Only lines with the word "homogenisation" are needed; collect each of them from the listing below.

*** Available data ***

(* Suppose $m=n$, $\Xi=\{\boldsymbol{\xi}\in\mathbb{R}^m:\boldsymbol{a}_k^{\top}\boldsymbol{\xi}\le d_k,\ k=1,\dots,l\}$ with $\boldsymbol{a}_k\in\mathbb{R}^m$, $d_k>0$, and $f_t(\boldsymbol{x},\boldsymbol{\xi})=\boldsymbol{\xi}^{\top}\boldsymbol{x}+\langle\boldsymbol{A}^t,\boldsymbol{\xi}\boldsymbol{\xi}^{\top}\rangle+(\boldsymbol{b}^t)^{\top}\boldsymbol{x}+h^t$ for all $t\in[T]$, where $\boldsymbol{A}^t\succeq0$ is symmetric, $\boldsymbol{b}^t\in\mathbb{R}^n$, $h^t\in\mathbb{R}$. Let $\tilde Z_{C_2}$ be the set of $\boldsymbol{x}\in\mathbb{R}^n$ for which there exist $\alpha_t>0$, $q_{it}\ge0$, $\boldsymbol{v}_{it}\in\mathbb{R}^m$ ($i\in[N],t\in[T]$) with, for all $i,t$, $\|\boldsymbol{v}_{it}\|_*\delta+\frac1N\sum_{j=1}^Nq_{jt}\le\epsilon\alpha_t$ and $\sup_{\boldsymbol{\xi}\in\Xi}[\boldsymbol{v}_{it}^{\top}\boldsymbol{\xi}-f_t(\boldsymbol{x},\boldsymbol{\xi})]+\alpha_t-\boldsymbol{v}_{it}^{\top}\boldsymbol{\zeta}^i-q_{it}\le0$. Then $\tilde Z_{C_2}$ equals the set of $\boldsymbol{x}\in\mathbb{R}^n$ for which there exist $\alpha_t>0$, $q_{it}\ge0$, $\boldsymbol{v}_{it}\in\mathbb{R}^m$, $u_{it}\in\mathbb{R}$, $\nu^{it}_k\ge0$ ($i\in[N],t\in[T],k\in[l]$) such that for all $i\in[N],t\in[T]$: $$\|\boldsymbol{v}_{it}\|_*\delta+\frac1N\sum_{j=1}^Nq_{jt}\le\epsilon\alpha_t,\qquad u_{it}-[(\boldsymbol{b}^t)^{\top}\boldsymbol{x}+h^t]+\alpha_t-\boldsymbol{v}_{it}^{\top}\boldsymbol{\zeta}^i\le q_{it},$$ $$\begin{bmatrix}\boldsymbol{A}^t&-\frac12(\boldsymbol{v}_{it}-\boldsymbol{x}-\sum_{k=1}^l\nu^{it}_k\boldsymbol{a}_k)\\-\frac12(\boldsymbol{v}_{it}-\boldsymbol{x}-\sum_{k=1}^l\nu^{it}_k\boldsymbol{a}_k)^{\top}&u_{it}-\sum_{k=1}^l\nu^{it}_kd_k\end{bmatrix}\succeq0.$$
   Context: Setting: $\epsilon\in(0,1)$, $\delta>0$, $[T]=\{1,\dots,T\}$, $[l]=\{1,\dots,l\}$; $\boldsymbol{\zeta}^1,\dots,\boldsymbol{\zeta}^N\in\Xi$ given samples; $\|\cdot\|_*$ is the dual norm of a norm on $\mathbb{R}^m$; $\langle\boldsymbol{X},\boldsymbol{Y}\rangle=\mathrm{tr}(\boldsymbol{X}\boldsymbol{Y})$; $\succeq0$ denotes positive semidefiniteness. *)

theory Defs
  imports "HOL-Analysis.Analysis"
begin

definition is_norm :: "(real^'n \<Rightarrow> real) \<Rightarrow> bool" where
  "is_norm nrm \<longleftrightarrow> (\<forall>x. 0 \<le> nrm x) \<and> (\<forall>x. nrm x = 0 \<longleftrightarrow> x = 0)
     \<and> (\<forall>c x. nrm (c *\<^sub>R x) = \<bar>c\<bar> * nrm x) \<and> (\<forall>x y. nrm (x + y) \<le> nrm x + nrm y)"

definition dual_norm :: "(real^'n \<Rightarrow> real) \<Rightarrow> real^'n \<Rightarrow> real" where
  "dual_norm nrm v = Sup {v \<bullet> \<xi> | \<xi>. nrm \<xi> \<le> 1}"

definition psd :: "real^'k^'k \<Rightarrow> bool" where
  "psd M \<longleftrightarrow> transpose M = M \<and> (\<forall>x. 0 \<le> x \<bullet> (M *v x))"

definition outer :: "real^'n \<Rightarrow> real^'n \<Rightarrow> real^'n^'n" where
  "outer x y = (\<chi> i j. x $ i * y $ j)"

definition mat_inner :: "real^'n^'n \<Rightarrow> real^'n^'n \<Rightarrow> real" where
  "mat_inner X Y = trace (X ** Y)"

text \<open>Block matrix [[M, w],[w^T, c]] of size (m+1)x(m+1), indexed by 'n option
  (None is the extra last index).\<close>
definition block_mat :: "real^'n^'n \<Rightarrow> real^'n \<Rightarrow> real \<Rightarrow> real^('n option)^('n option)" where
  "block_mat M w c = (\<chi> i j. case (i, j) of
      (Some i', Some j') \<Rightarrow> M $ i' $ j'
    | (Some i', None) \<Rightarrow> w $ i'
    | (None, Some j') \<Rightarrow> w $ j'
    | (None, None) \<Rightarrow> c)"

end

theory Submission
  imports Defs
begin

text \<open>For fixed \<open>i\<close> and \<open>t\<close>, the semi-infinite constraint bounds the concave quadratic
  \<open>g \<xi> = (v - x) \<bullet> \<xi> - \<xi> \<bullet> (A *v \<xi>)\<close> by some \<open>m\<close> on the polyhedron \<open>\<Xi>\<close>. As every \<open>d k\<close>
  is positive, the origin is a Slater point of \<open>\<Xi>\<close>, and Lagrangian duality provides multipliers
  \<open>\<nu> \<ge> 0\<close> with \<open>g \<xi> + (\<Sum>k. \<nu> k * (d k - a k \<bullet> \<xi>)) \<le> m\<close> for all \<open>\<xi>\<close>. The multipliers are found
  one constraint at a time; for a single halfspace, concavity along segments crossing the
  hyperplane bounds the slopes \<open>(g x - m) / (a \<bullet> x - c)\<close> over infeasible \<open>x\<close>, and their supremum
  is the multiplier. Finally, after homogenisation, an unconstrained upper bound on a quadratic is
  exactly positive semidefiniteness of the bordered matrix.\<close>

lemma mat_inner_outer_self: "mat_inner (A::real^'n^'n) (outer x x) = x \<bullet> (A *v x)"
  by (simp add: mat_inner_def outer_def trace_def matrix_matrix_mult_def inner_vec_def
      matrix_vector_mult_def sum_distrib_left mult.commute mult.left_commute)

lemma block_mat_quadratic_form:
  fixes M :: "real^'n^'n" and z :: "real^('n option)"
  shows "z \<bullet> (block_mat M w c *v z) =
     (\<chi> j. z $ Some j) \<bullet> (M *v (\<chi> j. z $ Some j)) + 2 * z $ None * (w \<bullet> (\<chi> j. z $ Some j))
       + (z $ None)\<^sup>2 * c"
proof -
  have sum_option: "\<And>F :: 'n option \<Rightarrow> real. sum F UNIV = F None + (\<Sum>j\<in>UNIV. F (Some j))"
    by (simp add: UNIV_option_conv sum.reindex)
  show ?thesis
    by (simp add: inner_vec_def matrix_vector_mult_def block_mat_def sum_option sum.distrib
        sum_distrib_left sum_distrib_right power2_eq_square algebra_simps)
qed

lemma transpose_block_mat:
  assumes "transpose M = M"
  shows "transpose (block_mat M w c) = block_mat M w c"
  using assms unfolding transpose_def block_mat_def vec_eq_iff
  by (auto split: option.splits)

lemma psd_block_mat_iff:
  fixes M :: "real^'n^'n"
  assumes "psd M"
  shows "psd (block_mat M (- (1/2) *\<^sub>R w) c) \<longleftrightarrow> (\<forall>\<xi>. w \<bullet> \<xi> - \<xi> \<bullet> (M *v \<xi>) \<le> c)"
proof
  assume psd_block: "psd (block_mat M (- (1/2) *\<^sub>R w) c)"
  show "\<forall>\<xi>. w \<bullet> \<xi> - \<xi> \<bullet> (M *v \<xi>) \<le> c"
  proof
    fix \<xi> :: "real^'n"
    define z :: "real^('n option)" where "z = (\<chi> i. case i of None \<Rightarrow> 1 | Some j \<Rightarrow> \<xi> $ j)"
    have "(\<chi> j. z $ Some j) = \<xi>" "z $ None = 1" by (simp_all add: z_def vec_eq_iff)
    moreover have "0 \<le> z \<bullet> (block_mat M (- (1/2) *\<^sub>R w) c *v z)" using psd_block by (simp add: psd_def)
    ultimately show "w \<bullet> \<xi> - \<xi> \<bullet> (M *v \<xi>) \<le> c" unfolding block_mat_quadratic_form by simp
  qed
next
  assume bound: "\<forall>\<xi>. w \<bullet> \<xi> - \<xi> \<bullet> (M *v \<xi>) \<le> c"
  have sym: "transpose M = M" and nonneg: "\<And>y. 0 \<le> y \<bullet> (M *v y)" using assms by (auto simp: psd_def)
  show "psd (block_mat M (- (1/2) *\<^sub>R w) c)"
    unfolding psd_def
  proof (intro conjI allI transpose_block_mat[OF sym])
    fix z :: "real^('n option)"
    define y where "y = (\<chi> j. z $ Some j)"
    define s where "s = z $ None"
    have "0 \<le> y \<bullet> (M *v y) - s * (w \<bullet> y) + s\<^sup>2 * c"
    proof (cases "s = 0")
      case True
      then show ?thesis using nonneg by simp
    next
      case False
      \<comment> \<open>homogenisation: the form at \<open>(y, s)\<close> is \<open>s\<^sup>2\<close> times the slack of the bound at \<open>y / s\<close>\<close>
      define \<xi> where "\<xi> = (1 / s) *\<^sub>R y"
      have "y = s *\<^sub>R \<xi>" using False by (simp add: \<xi>_def)
      then have "y \<bullet> (M *v y) - s * (w \<bullet> y) + s\<^sup>2 * c = s\<^sup>2 * (c - (w \<bullet> \<xi> - \<xi> \<bullet> (M *v \<xi>)))"
        by (simp add: power2_eq_square algebra_simps)
      also have "\<dots> \<ge> 0" using bound by simp
      finally show ?thesis .
    qed
    then show "0 \<le> z \<bullet> (block_mat M (- (1/2) *\<^sub>R w) c *v z)"
      unfolding block_mat_quadratic_form y_def[symmetric] s_def[symmetric] by simp
  qed
qed

lemma psd_block_mat_mono:
  assumes "psd M" "psd (block_mat M (- (1/2) *\<^sub>R w) c)" "c \<le> c'"
  shows "psd (block_mat M (- (1/2) *\<^sub>R w) c')"
  using assms(2,3) unfolding psd_block_mat_iff[OF assms(1)] by (meson order_trans)

lemma concave_on_linear_minus_psd_form:
  assumes "psd M" "convex S"
  shows "concave_on S (\<lambda>\<xi>. w \<bullet> \<xi> - \<xi> \<bullet> (M *v \<xi>))"
  unfolding concave_on_iff
proof (intro conjI assms(2) ballI allI impI)
  fix x y and u v :: real
  assume "0 \<le> u" "0 \<le> v" "u + v = 1"
  then have v: "v = 1 - u" and "0 \<le> u * v * ((x - y) \<bullet> (M *v (x - y)))"
    using assms(1) by (auto simp: psd_def)
  moreover have "w \<bullet> (u *\<^sub>R x + v *\<^sub>R y) - (u *\<^sub>R x + v *\<^sub>R y) \<bullet> (M *v (u *\<^sub>R x + v *\<^sub>R y))
      = u * (w \<bullet> x - x \<bullet> (M *v x)) + v * (w \<bullet> y - y \<bullet> (M *v y))
        + u * v * ((x - y) \<bullet> (M *v (x - y)))"
    unfolding v by (simp add: algebra_simps)
  ultimately show "u * (w \<bullet> x - x \<bullet> (M *v x)) + v * (w \<bullet> y - y \<bullet> (M *v y))
      \<le> w \<bullet> (u *\<^sub>R x + v *\<^sub>R y) - (u *\<^sub>R x + v *\<^sub>R y) \<bullet> (M *v (u *\<^sub>R x + v *\<^sub>R y))"
    by linarith
qed

lemma concave_on_affine_inner:
  fixes a :: "'a::real_inner"
  assumes "convex S"
  shows "concave_on S (\<lambda>x. r * (c - a \<bullet> x))"
  unfolding concave_on_iff
proof (intro conjI assms ballI allI impI)
  fix x y and u v :: real
  assume "0 \<le> u" "0 \<le> v" "u + v = 1"
  then have v: "v = 1 - u" by simp
  show "u * (r * (c - a \<bullet> x)) + v * (r * (c - a \<bullet> y)) \<le> r * (c - a \<bullet> (u *\<^sub>R x + v *\<^sub>R y))"
    unfolding v by (simp add: algebra_simps)
qed

lemma convex_polyhedron: "convex {x. \<forall>k\<in>K. a k \<bullet> x \<le> d k}"
proof -
  have "{x. \<forall>k\<in>K. a k \<bullet> x \<le> d k} = (\<Inter>k\<in>K. {x. a k \<bullet> x \<le> d k})" by auto
  then show ?thesis by (simp add: convex_INT convex_halfspace_le)
qed

lemma concave_on_crossing_hyperplane:
  assumes g: "concave_on C g" and xy: "x \<in> C" "y \<in> C" "a \<bullet> y < c" "c < a \<bullet> x"
    and bound: "\<forall>z\<in>C. a \<bullet> z = c \<longrightarrow> g z \<le> M"
  shows "(c - a \<bullet> y) * (g x - M) \<le> (a \<bullet> x - c) * (M - g y)"
proof -
  define \<theta> where "\<theta> = (c - a \<bullet> y) / (a \<bullet> x - a \<bullet> y)"
  have \<theta>: "0 \<le> \<theta>" "\<theta> \<le> 1" "\<theta> * (a \<bullet> x - a \<bullet> y) = c - a \<bullet> y"
    using xy by (auto simp: \<theta>_def field_simps)
  define z where "z = (1 - \<theta>) *\<^sub>R y + \<theta> *\<^sub>R x"
  have "z \<in> C"
    using concave_on_imp_convex[OF g] xy \<theta> unfolding z_def by (simp add: convex_alt)
  moreover have "a \<bullet> z = c"
    using \<theta>(3) by (simp add: z_def algebra_simps)
  ultimately have "g z \<le> M" using bound by blast
  moreover have "(1 - \<theta>) * g y + \<theta> * g x \<le> g z"
    unfolding z_def using concave_onD[OF g] \<theta> xy by blast
  ultimately have "((1 - \<theta>) * g y + \<theta> * g x) * (a \<bullet> x - a \<bullet> y) \<le> M * (a \<bullet> x - a \<bullet> y)"
    using xy by (intro mult_right_mono) auto
  moreover have "((1 - \<theta>) * g y + \<theta> * g x) * (a \<bullet> x - a \<bullet> y)
      = g y * (a \<bullet> x - a \<bullet> y) + (g x - g y) * (\<theta> * (a \<bullet> x - a \<bullet> y))"
    by (simp add: algebra_simps)
  ultimately have "(a \<bullet> x - c) * g y + (c - a \<bullet> y) * g x \<le> M * (a \<bullet> x - a \<bullet> y)"
    unfolding \<theta>(3) by (simp add: algebra_simps)
  then show ?thesis by (simp add: algebra_simps)
qed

*** End of Available data ***

Answer section
  is the multiplier. Finally, after homogenisation, an unconstrained upper bound on a quadratic is
      \<comment> \<open>homogenisation: the form at \<open>(y, s)\<close> is \<open>s\<^sup>2\<close> times the slack of the bound at \<open>y / s\<close>\<close>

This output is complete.